Brian McLaran’s book Do I Stay Christian? explores the many very valid reasons so many people, including many of our own kids, are doing just the opposite. These include the very public downfall of religious leaders and the bald institutional hypocrisy that is so easy to point out. As we recall our baptismal covenant and strive to live into its mandate of welcome and inclusion, can we do so without smugness when it seems that so many of our fellow Christians seem to have lost the plot?

Theologian Dr. Kwok Pui-Lan shared some sobering reminders from recent news about the urgent warning signs our Earth has sent us about the state of her climate. Even this morning a tornado alert was issued in Morris County. Are we willing to inconvenience ourselves or change the way we do things if it means even an incremental reduction in the harm our activities do to the planet?
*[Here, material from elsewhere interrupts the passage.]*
(* For all $0\le t,s\le1$, the covariance of the limit process $X^\infty=\lim_{N\to\infty}X^N$ is $$C(t,s)=\mathbb{E}\big[X^\infty_t(X^\infty_s)^T\big]=g(t)\,h(0,t\wedge s)\,g(s)^T.$$
   Context: Let $d,m\geq 1$. Let $\alpha:[0,1]\to\mathbb{R}^{d\times d}$, $\sqrt{\Gamma}:[0,1]\to\mathbb{R}^{d\times m}$ be continuous, $\Gamma=\sqrt{\Gamma}\sqrt{\Gamma}^{T}$. Let $F(s,t)$ be the flow ($\partial_tF(s,t)=\alpha(t)F(s,t)$, $F(s,s)=I_d$), $h_u(s,t)=\int_s^t F(w,u)\Gamma(w)F(w,u)^Tdw$, $h=h_0$ (so $h(s,t)=\int_s^tf(w)f(w)^Tdw$ with $f(t)=F(t,0)\sqrt{\Gamma(t)}$), $g(t)=F(0,t)$. Non-degeneracy: $F(u,v)h_u(u,v)F(u,v)^T$ is positive definite for all $0\le u<v\le1$. $\mathcal{I}=\{(0,0)\}\cup\{(n,k):n\ge1,\ 0\le k<2^{n-1}\}$, $\mathcal{I}_N=\{(0,0)\}\cup\{(n,k)\in\mathcal{I}:1\le n\le N\}$. Partition: fix $\rho\in(0,1)$ and reals $l_{n,k}<m_{n,k}<r_{n,k}$ ($n\ge1$) with $l_{1,0}=0$, $r_{1,0}=1$, $l_{n+1,2k}=l_{n,k}$, $r_{n+1,2k}=l_{n+1,2k+1}=m_{n,k}$, $r_{n+1,2k+1}=r_{n,k}$, $\max(r_{n,k}-m_{n,k},m_{n,k}-l_{n,k})<\rho(r_{n,k}-l_{n,k})$. Basis: for $n\ge1$ (writing $l,m,r$ for $l_{n,k},m_{n,k},r_{n,k}$), $\Sigma_{n,k}=h_m(l,m)h_m(l,r)^{-1}h_m(m,r)$, $\sigma_{n,k}$ its lower-triangular Cholesky factor with positive diagonal, $L_{n,k}=h(l,m)^{-1}g(m)^{-1}\sigma_{n,k}$, $R_{n,k}=h(m,r)^{-1}g(m)^{-1}\sigma_{n,k}$, $\psi_{n,k}(t)=g(t)h(l,t)L_{n,k}$ on $[l,m]$, $g(t)h(t,r)R_{n,k}$ on $[m,r]$, $0$ elsewhere; $\sigma_{0,0}$ is the lower-triangular Cholesky factor of $g(1)h(0,1)g(1)^T$, $L_{0,0}=h(0,1)^{-1}g(1)^{-1}\sigma_{0,0}$, $\psi_{0,0}(t)=g(t)h(0,t)L_{0,0}$. $(\Xi_{n,k})_{(n,k)\in\mathcal{I}}$ are independent $\mathcal{N}(0,I_d)$ random vectors, $X^N_t=\sum_{(n,k)\in\mathcal{I}_N}\psi_{n,k}(t)\Xi_{n,k}$, and $X^\infty$ denotes the almost sure limit of $X^N$ as $N\to\infty$, which is a continuous Gaussian process. *)

theory Defs
  imports "HOL-Probability.Probability"
begin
And overarching all of this, Bishop Curry exhorted us to remember that--as the title of the conference suggests--love for God and our neighbor should be at the core of everything we do. He quoted Jimi Hendrix as saying, 

“When the power of love overcomes the love of power, then the world will know peace.”

I marked 20 years since my first visit to St. Mark’s last month. I am happy to the point of tears more Sundays than not for the love and community that we share in this place. There is a new sense of energy and purpose and we have some new faces, for which we are so, so very grateful. But we still have a lot of room. I am not suggesting we should be as careless with the nearly one hundred years’ investment of time, talent and treasure that is St. Mark’s as Esau was with his inheritance, but are we as a faith community willing to--in the words of William Sloane Coffin quoted by Bishop Beckwith in his dismissal blessing--“willing to risk something big for something good,” if it means that those who do not yet feel welcome or invited or even SAFE inside these walls come to know that love as a result? 

I challenge you to ponder these questions in your heart, as those of us who attended have been doing. Think about them and share your ideas with your vestry, the guilds and committees, and ask questions about the groups you don’t know much about, and maybe take a leap of faith and sign up for something new. Or just start a conversation at coffee hour with a person you haven’t met yet. 

As I said, there will be opportunities to learn more about this program and discuss its implications in the days ahead. I hope you will join us and feel some of the joy and new purpose we experienced. We have so many gifts here at St. Mark’s and the latitude to reach out in many ways to the community around us, through our music, our outreach and--most importantly--the opportunities to worship God in ways that help heal the friction between races and cultures and respect our fragile earth. 

As JoAnn pointed out on our trip home, these efforts may be like the seeds the sower was scattering in various places in today’s Gospel, in that some of them may yield fruit and some may not. May we together develop a spiritual green thumb and thus yield an abundant harvest of Christ’s love for one-another and all those we encounter.

Will you pray with me?

O God of wondrous power and still more wondrous love, you who have borne us from chaos to creation, from dry bones to dancing flesh, from death to life: Renew and revive your Episcopal Church, especially as we gather this summer for worship, fellowship, learning, and action. Send your Spirit to set us, our ministries, and our communities ablaze, so that the world might come to see and know us as the Episcopal branch of the Jesus Movement – bold, open-hearted bearers of Good News, repairers of the breach, and stewards of creation who truly look, live, and love like Jesus. We make our prayer to him, to you, and to the Holy Spirit, our loving, liberating, and life-giving God. Amen.